SUPPLIED RECORDS:

(* Let $f:\mathbb{R}^n\to\mathbb{R}$ satisfy: (A1) $f\in C^\infty(\mathbb{R}^n)$; (A2) there is $M>0$ with $f(x)>0$ for all $x\notin B(0,M)$; (A3) $\nabla f(p)\neq0$ for all $p\in\mathcal{B}:=\{p:f(p)=0\}$, with $\mathcal{B}\neq\emptyset$. Let $d(x)=\min_{q\in\mathcal{B}}\|x-q\|$ and $\Omega_\sigma=\{x:d(x)<\sigma\}$. Let $\beta\in(0,1)$ and let $\sigma_2>0$ be such that for all $p\in\mathcal{B}$ and all $0<r<\sigma_2$ one has $\mathcal{B}\cap B(p,r)\subseteq\Gamma_r(p)$, where $\Gamma_r(p)=\{p+v: |v^T\nabla f(p)|<\beta r\|\nabla f(p)\|\}$. Let $x\in\Omega_{\sigma_2}$, let $p\in\mathcal{B}$ with $d(x)=\|x-p\|$, and let $r=d(x)$. Then the hyperplane \[R=\{p+v:\ v\in\mathbb{R}^n,\ v^T\nabla f(p)=-\mathrm{sgn}(f(x))\,\beta r\|\nabla f(p)\|\}\] satisfies $\mathrm{sgn}(f(y))=-\mathrm{sgn}(f(x))$ for all $y\in R\cap B(p,r)$.
   Context: $\|\cdot\|$ is the Euclidean norm, $B(p,r)$ the open Euclidean ball, $\mathrm{sgn}$ the sign function. Such a $\sigma_2>0$ exists for every $\beta\in(0,1)$ under (A1)–(A3). *)

theory Defs
  imports "HOL-Analysis.Analysis"
begin

definition grad :: "('a::euclidean_space \<Rightarrow> real) \<Rightarrow> 'a \<Rightarrow> 'a" where
  "grad f p = (\<Sum>i\<in>Basis. frechet_derivative f (at p) i *\<^sub>R i)"

fun Ck :: "nat \<Rightarrow> ('a::euclidean_space \<Rightarrow> real) \<Rightarrow> bool" where
  "Ck 0 f = continuous_on UNIV f"
| "Ck (Suc k) f = ((\<forall>x. f differentiable (at x)) \<and>
      (\<forall>i\<in>Basis. Ck k (\<lambda>x. frechet_derivative f (at x) i)))"

definition smooth :: "('a::euclidean_space \<Rightarrow> real) \<Rightarrow> bool" where
  "smooth f = (\<forall>k. Ck k f)"

end

(*
  Replacing f by -f we may assume f x > 0; write g = grad f p. No point p + u with u in the
  truncated open cone V = {u. |u| < r, u \<bullet> g + \<beta> |g| |u| < 0} is a zero of f: applying the
  cone condition at p with radii decreasing to |u|, a zero p + u satisfies |u \<bullet> g| \<le> \<beta> |u| |g|.
  V is convex, hence connected, so f has constant sign on p + V. But V contains the part of the
  hyperplane R inside B(p, r), and also -t g for small t > 0, where f < 0 since -g is a descent
  direction of f at p.
*)
theory Submission
  imports Defs
begin

lemma has_derivative_grad:
  fixes f :: "'a::euclidean_space \<Rightarrow> real"
  assumes "f differentiable (at p)"
  shows "(f has_derivative (\<lambda>h. h \<bullet> grad f p)) (at p)"
proof -
  let ?F = "frechet_derivative f (at p)"
  have deriv: "(f has_derivative ?F) (at p)"
    using assms frechet_derivative_works by blast
  then have "linear ?F"
    by (rule has_derivative_linear)
  have "?F = (\<lambda>h. h \<bullet> grad f p)"
  proof
    fix h
    have "?F h = ?F (\<Sum>i\<in>Basis. (h \<bullet> i) *\<^sub>R i)"
      by (simp add: euclidean_representation)
    also have "\<dots> = (\<Sum>i\<in>Basis. (h \<bullet> i) * ?F i)"
      using \<open>linear ?F\<close> by (simp add: linear_sum linear_scale)
    also have "\<dots> = h \<bullet> grad f p"
      unfolding grad_def by (simp add: inner_sum_right mult.commute)
    finally show "?F h = h \<bullet> grad f p" .
  qed
  with deriv show ?thesis
    by simp
qed

lemma smooth_imp_differentiable:
  assumes "smooth f"
  shows "f differentiable (at z)"
proof -
  have "Ck (Suc 0) f"
    using assms unfolding smooth_def ..
  then show ?thesis
    by simp
qed

lemma eventually_less_along_descent_direction:
  fixes f :: "'a::real_inner \<Rightarrow> real"
  assumes "(f has_derivative (\<lambda>h. h \<bullet> g)) (at p)" and "w \<bullet> g < 0"
  shows "\<forall>\<^sub>F t in at_right 0. f (p + t *\<^sub>R w) < f p"
proof -
  have line: "((\<lambda>t::real. p + t *\<^sub>R w) has_derivative (\<lambda>t. t *\<^sub>R w)) (at 0)"
    by (auto intro!: derivative_eq_intros)
  have "(f has_derivative (\<lambda>h. h \<bullet> g)) (at (p + 0 *\<^sub>R w))"
    using assms(1) by simp
  from diff_chain_at[OF line this]
  have "((\<lambda>t. f (p + t *\<^sub>R w)) has_derivative (\<lambda>t. t *\<^sub>R w \<bullet> g)) (at 0)"
    by (simp add: o_def)
  then have "((\<lambda>t. f (p + t *\<^sub>R w)) has_real_derivative w \<bullet> g) (at 0)"
    by (simp add: has_field_derivative_def mult_commute_abs)
  from DERIV_neg_dec_right[OF this assms(2)] show ?thesis
    by (auto simp: eventually_at_right_field)
qed

lemma convex_strict_sublevel:
  assumes "convex_on S h"
  shows "convex {x\<in>S. h x < b}"
proof (rule convexI)
  fix x y and u v :: real
  assume x: "x \<in> {x\<in>S. h x < b}" and y: "y \<in> {x\<in>S. h x < b}"
    and uv: "0 \<le> u" "0 \<le> v" "u + v = 1"
  have "u *\<^sub>R x + v *\<^sub>R y \<in> S"
    using convexD[OF convex_on_imp_convex[OF assms]] x y uv by blast
  moreover have "h (u *\<^sub>R x + v *\<^sub>R y) \<le> u * h x + v * h y"
    using assms x y uv unfolding convex_on_def by blast
  moreover have "u * h x + v * h y < b"
    using x y uv by (intro convex_bound_lt) auto
  ultimately show "u *\<^sub>R x + v *\<^sub>R y \<in> {x\<in>S. h x < b}"
    by simp
qed

lemma convex_on_inner_add_norm:
  fixes a :: "'a::real_inner"
  assumes "0 \<le> c"
  shows "convex_on UNIV (\<lambda>u. u \<bullet> a + c * norm u)"
proof -
  have "convex_on UNIV (\<lambda>u. u \<bullet> a)"
    by (simp add: convex_on_def inner_add_left)
  moreover have "convex_on UNIV (\<lambda>u. c * norm u)"
    using convex_on_dist[of UNIV 0] assms by (auto intro!: convex_on_cmul simp: dist_norm)
  ultimately show ?thesis
    by (rule convex_on_add)
qed

lemma abs_inner_le_of_cone_condition:
  fixes g u :: "'a::real_inner"
  assumes cone: "\<forall>r. 0 < r \<and> r < \<sigma> \<longrightarrow> Z \<inter> ball p r \<subseteq> {p + v | v. \<bar>v \<bullet> g\<bar> < \<beta> * r * norm g}"
    and "p + u \<in> Z" and "norm u < \<sigma>"
  shows "\<bar>u \<bullet> g\<bar> \<le> \<beta> * norm u * norm g"
proof (rule tendsto_lowerbound)
  show "((\<lambda>r. \<beta> * r * norm g) \<longlongrightarrow> \<beta> * norm u * norm g) (at_right (norm u))"
    by (intro tendsto_intros)
  have "\<bar>u \<bullet> g\<bar> < \<beta> * r * norm g" if "norm u < r" "r < \<sigma>" for r
  proof -
    have "0 < r"
      using that(1) norm_ge_zero[of u] by linarith
    have "p + u \<in> Z \<inter> ball p r"
      using assms(2) that by (simp add: dist_norm)
    then have "p + u \<in> {p + v | v. \<bar>v \<bullet> g\<bar> < \<beta> * r * norm g}"
      using cone \<open>0 < r\<close> that(2) by blast
    then show ?thesis
      by auto
  qed
  then show "\<forall>\<^sub>F r in at_right (norm u). \<bar>u \<bullet> g\<bar> \<le> \<beta> * r * norm g"
    unfolding eventually_at_right_field using assms(3) by (auto intro!: less_imp_le)
qed simp

lemma connected_zero_free_imp_neg:
  fixes h :: "'a::topological_space \<Rightarrow> real"
  assumes "connected S" "continuous_on S h" "0 \<notin> h ` S"
    and "a \<in> S" "b \<in> S" "h a < 0"
  shows "h b < 0"
proof (rule ccontr)
  assume "\<not> h b < 0"
  then have "0 \<in> h ` S"
    using connectedD_interval[OF connected_continuous_image[OF assms(2,1)]] assms(4-6)
    by (meson image_eqI linorder_not_less less_imp_le)
  with assms(3) show False ..
qed

definition descent_cone :: "'a::real_inner \<Rightarrow> real \<Rightarrow> real \<Rightarrow> 'a set" where
  "descent_cone g c r = {u \<in> ball 0 r. u \<bullet> g + c * norm u < 0}"

lemma convex_descent_cone:
  assumes "0 \<le> c"
  shows "convex (descent_cone g c r)"
proof -
  have "convex_on (ball 0 r) (\<lambda>u. u \<bullet> g + c * norm u)"
    using assms by (intro convex_on_subset[OF convex_on_inner_add_norm subset_UNIV convex_ball])
  then show ?thesis
    unfolding descent_cone_def by (rule convex_strict_sublevel)
qed

lemma eventually_in_descent_cone:
  fixes g :: "'a::real_inner"
  assumes "0 < r" and "0 \<le> c" and "c < norm g"
  shows "\<forall>\<^sub>F t in at_right 0. t *\<^sub>R - g \<in> descent_cone g c r"
  unfolding eventually_at_right_field
proof (intro exI conjI allI impI)
  have "0 < norm g"
    using assms(2,3) by linarith
  with assms(1) show "0 < r / norm g"
    by simp
  fix t :: real
  assume "0 < t" "t < r / norm g"
  then have "norm (t *\<^sub>R - g) < r"
    using \<open>0 < norm g\<close> by (simp add: pos_less_divide_eq)
  moreover have "t *\<^sub>R - g \<bullet> g + c * norm (t *\<^sub>R - g) = t * norm g * (c - norm g)"
    using \<open>0 < t\<close> by (simp add: algebra_simps dot_square_norm power2_eq_square)
  moreover have "t * norm g * (c - norm g) < 0"
    using assms(3) \<open>0 < t\<close> \<open>0 < norm g\<close> by (simp add: mult_pos_neg)
  ultimately show "t *\<^sub>R - g \<in> descent_cone g c r"
    by (simp add: descent_cone_def)
qed

lemma cone_condition_imp_descent_cone_disjoint:
  fixes g :: "'a::real_inner"
  assumes cone: "\<forall>r'. 0 < r' \<and> r' < \<sigma> \<longrightarrow>
        Z \<inter> ball p r' \<subseteq> {p + v | v. \<bar>v \<bullet> g\<bar> < \<beta> * r' * norm g}"
    and "r \<le> \<sigma>" and "u \<in> descent_cone g (\<beta> * norm g) r"
  shows "p + u \<notin> Z"
proof
  assume "p + u \<in> Z"
  have "norm u < \<sigma>" and in_cone: "u \<bullet> g + \<beta> * norm g * norm u < 0"
    using assms(2,3) by (auto simp: descent_cone_def)
  have "\<bar>u \<bullet> g\<bar> \<le> \<beta> * norm u * norm g"
    using abs_inner_le_of_cone_condition[OF cone \<open>p + u \<in> Z\<close> \<open>norm u < \<sigma>\<close>] .
  with in_cone abs_ge_minus_self[of "u \<bullet> g"] show False
    by (simp add: mult.commute mult.left_commute)
qed

lemma hyperplane_ball_in_descent_cone:
  fixes g :: "'a::real_inner"
  assumes "0 < \<beta>" and "g \<noteq> 0" and "v \<bullet> g = - \<beta> * r * norm g" and "norm v < r"
  shows "v \<in> descent_cone g (\<beta> * norm g) r"
proof -
  have "\<beta> * norm g * norm v < \<beta> * norm g * r"
    using assms by simp
  with assms(3,4) show ?thesis
    by (simp add: descent_cone_def mult.commute mult.left_commute)
qed

lemma cone_condition_imp_neg_on_hyperplane:
  fixes f :: "'a::real_inner \<Rightarrow> real"
  assumes deriv: "(f has_derivative (\<lambda>h. h \<bullet> g)) (at p)" and "g \<noteq> 0"
    and cont: "continuous_on (ball p r) f" and "f p = 0"
    and \<beta>: "0 < \<beta>" "\<beta> < 1" and "r \<le> \<sigma>"
    and cone: "\<forall>r'. 0 < r' \<and> r' < \<sigma> \<longrightarrow>
        {q. f q = 0} \<inter> ball p r' \<subseteq> {p + v | v. \<bar>v \<bullet> g\<bar> < \<beta> * r' * norm g}"
    and v: "v \<bullet> g = - \<beta> * r * norm g" "norm v < r"
  shows "f (p + v) < 0"
proof -
  define V where "V = descent_cone g (\<beta> * norm g) r"
  have "0 < r"
    using v(2) norm_ge_zero[of v] by linarith
  have "connected V"
    unfolding V_def using \<beta> by (simp add: convex_connected convex_descent_cone)
  have "continuous_on V (\<lambda>u. f (p + u))"
    by (rule continuous_on_compose2[OF cont])
      (auto intro!: continuous_intros simp: V_def descent_cone_def dist_norm)
  have "0 \<notin> (\<lambda>u. f (p + u)) ` V"
    using cone_condition_imp_descent_cone_disjoint[OF cone \<open>r \<le> \<sigma>\<close>] by (force simp: V_def)
  have "v \<in> V"
    unfolding V_def using \<beta>(1) \<open>g \<noteq> 0\<close> v by (rule hyperplane_ball_in_descent_cone)
  have "\<forall>\<^sub>F t in at_right 0. f (p + t *\<^sub>R - g) < 0"
    using eventually_less_along_descent_direction[OF deriv, of "- g"] \<open>g \<noteq> 0\<close> \<open>f p = 0\<close>
    by simp
  moreover have "\<forall>\<^sub>F t in at_right 0. t *\<^sub>R - g \<in> V"
    unfolding V_def using \<open>0 < r\<close> \<beta> \<open>g \<noteq> 0\<close> by (intro eventually_in_descent_cone) simp_all
  ultimately obtain t where "f (p + t *\<^sub>R - g) < 0" and "t *\<^sub>R - g \<in> V"
    using eventually_happens'[OF trivial_limit_at_right_real eventually_conj] by blast
  then show ?thesis
    using connected_zero_free_imp_neg[OF \<open>connected V\<close> \<open>continuous_on V _\<close> \<open>0 \<notin> _\<close> _ \<open>v \<in> V\<close>]
    by blast
qed

lemma cone_condition_imp_sgn_on_hyperplane:
  fixes f :: "'a::real_inner \<Rightarrow> real"
  assumes deriv: "(f has_derivative (\<lambda>h. h \<bullet> g)) (at p)" and "g \<noteq> 0"
    and cont: "continuous_on (ball p r) f" and "f p = 0"
    and \<beta>: "0 < \<beta>" "\<beta> < 1" and "r \<le> \<sigma>"
    and cone: "\<forall>r'. 0 < r' \<and> r' < \<sigma> \<longrightarrow>
        {q. f q = 0} \<inter> ball p r' \<subseteq> {p + v | v. \<bar>v \<bullet> g\<bar> < \<beta> * r' * norm g}"
    and "s = 1 \<or> s = -1"
    and v: "v \<bullet> g = - s * \<beta> * r * norm g" "norm v < r"
  shows "sgn (f (p + v)) = - s"
  using \<open>s = 1 \<or> s = -1\<close>
proof
  assume "s = 1"
  then have "f (p + v) < 0"
    using cone_condition_imp_neg_on_hyperplane[OF assms(1-8)] v by simp
  with \<open>s = 1\<close> show ?thesis
    by simp
next
  assume "s = -1"
  have "- f (p + v) < 0"
  proof (rule cone_condition_imp_neg_on_hyperplane[of "\<lambda>z. - f z" "- g"])
    show "((\<lambda>z. - f z) has_derivative (\<lambda>h. h \<bullet> - g)) (at p)"
      using has_derivative_minus[OF deriv] by simp
  qed (use assms(2-7) cone v \<open>s = -1\<close> in \<open>auto intro: continuous_on_minus\<close>)
  with \<open>s = -1\<close> show ?thesis
    by simp
qed

theorem corollary1:
  fixes f :: "'a::euclidean_space \<Rightarrow> real"
    and M \<beta> \<sigma>\<^sub>2 :: real and x p :: 'a
  assumes A1: "smooth f"
    and A2: "M > 0" "\<forall>z. z \<notin> ball 0 M \<longrightarrow> f z > 0"
    and A3: "\<forall>q. f q = 0 \<longrightarrow> grad f q \<noteq> 0" "{q. f q = 0} \<noteq> {}"
    and beta: "0 < \<beta>" "\<beta> < 1"
    and sigma: "\<sigma>\<^sub>2 > 0"
    and cone: "\<forall>q\<in>{q. f q = 0}. \<forall>r. 0 < r \<and> r < \<sigma>\<^sub>2 \<longrightarrow>
        {q'. f q' = 0} \<inter> ball q r \<subseteq>
          {q + v | v. \<bar>v \<bullet> grad f q\<bar> < \<beta> * r * norm (grad f q)}"
    and x: "infdist x {q. f q = 0} < \<sigma>\<^sub>2"
    and p: "f p = 0" "infdist x {q. f q = 0} = norm (x - p)"
  shows "\<forall>y \<in> {p + v | v. v \<bullet> grad f p =
                 - sgn (f x) * \<beta> * infdist x {q. f q = 0} * norm (grad f p)}
             \<inter> ball p (infdist x {q. f q = 0}).
           sgn (f y) = - sgn (f x)"
proof
  define r where "r = infdist x {q. f q = 0}"
  fix y
  assume "y \<in> {p + v | v. v \<bullet> grad f p =
                 - sgn (f x) * \<beta> * infdist x {q. f q = 0} * norm (grad f p)}
             \<inter> ball p (infdist x {q. f q = 0})"
  then obtain v where y: "y = p + v" and "norm v < r"
    and v: "v \<bullet> grad f p = - sgn (f x) * \<beta> * r * norm (grad f p)"
    unfolding r_def by (auto simp: dist_norm)
  then have "f x \<noteq> 0"
    using infdist_zero[of x "{q. f q = 0}"] unfolding r_def by auto
  then have sgn_fx: "sgn (f x) = 1 \<or> sgn (f x) = -1"
    by (simp add: sgn_if)
  have diff: "f differentiable (at z)" for z
    using A1 by (rule smooth_imp_differentiable)
  then have cont: "continuous_on (ball p r) f"
    by (simp add: differentiable_imp_continuous_on differentiable_at_withinI differentiable_on_def)
  have "grad f p \<noteq> 0" and "r \<le> \<sigma>\<^sub>2"
    using A3(1) p(1) x unfolding r_def by auto
  have cone_p: "\<forall>r'. 0 < r' \<and> r' < \<sigma>\<^sub>2 \<longrightarrow> {q. f q = 0} \<inter> ball p r'
      \<subseteq> {p + v | v. \<bar>v \<bullet> grad f p\<bar> < \<beta> * r' * norm (grad f p)}"
    using cone p(1) by blast
  have "sgn (f (p + v)) = - sgn (f x)"
    by (rule cone_condition_imp_sgn_on_hyperplane[OF has_derivative_grad[OF diff]
          \<open>grad f p \<noteq> 0\<close> cont p(1) beta \<open>r \<le> \<sigma>\<^sub>2\<close> cone_p sgn_fx v \<open>norm v < r\<close>])
  then show "sgn (f y) = - sgn (f x)"
    by (simp add: y)
qed

end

THE TASK: Set down, exactly as they appear above, all lines from the one that has "w) has_derivative (\<lambda>t." down to the one that has "from diff_chain_at[OF line this]", including those two and no others.

YOUR RESPONSE:
  have line: "((\<lambda>t::real. p + t *\<^sub>R w) has_derivative (\<lambda>t. t *\<^sub>R w)) (at 0)"
    by (auto intro!: derivative_eq_intros)
  have "(f has_derivative (\<lambda>h. h \<bullet> g)) (at (p + 0 *\<^sub>R w))"
    using assms(1) by simp
  from diff_chain_at[OF line this]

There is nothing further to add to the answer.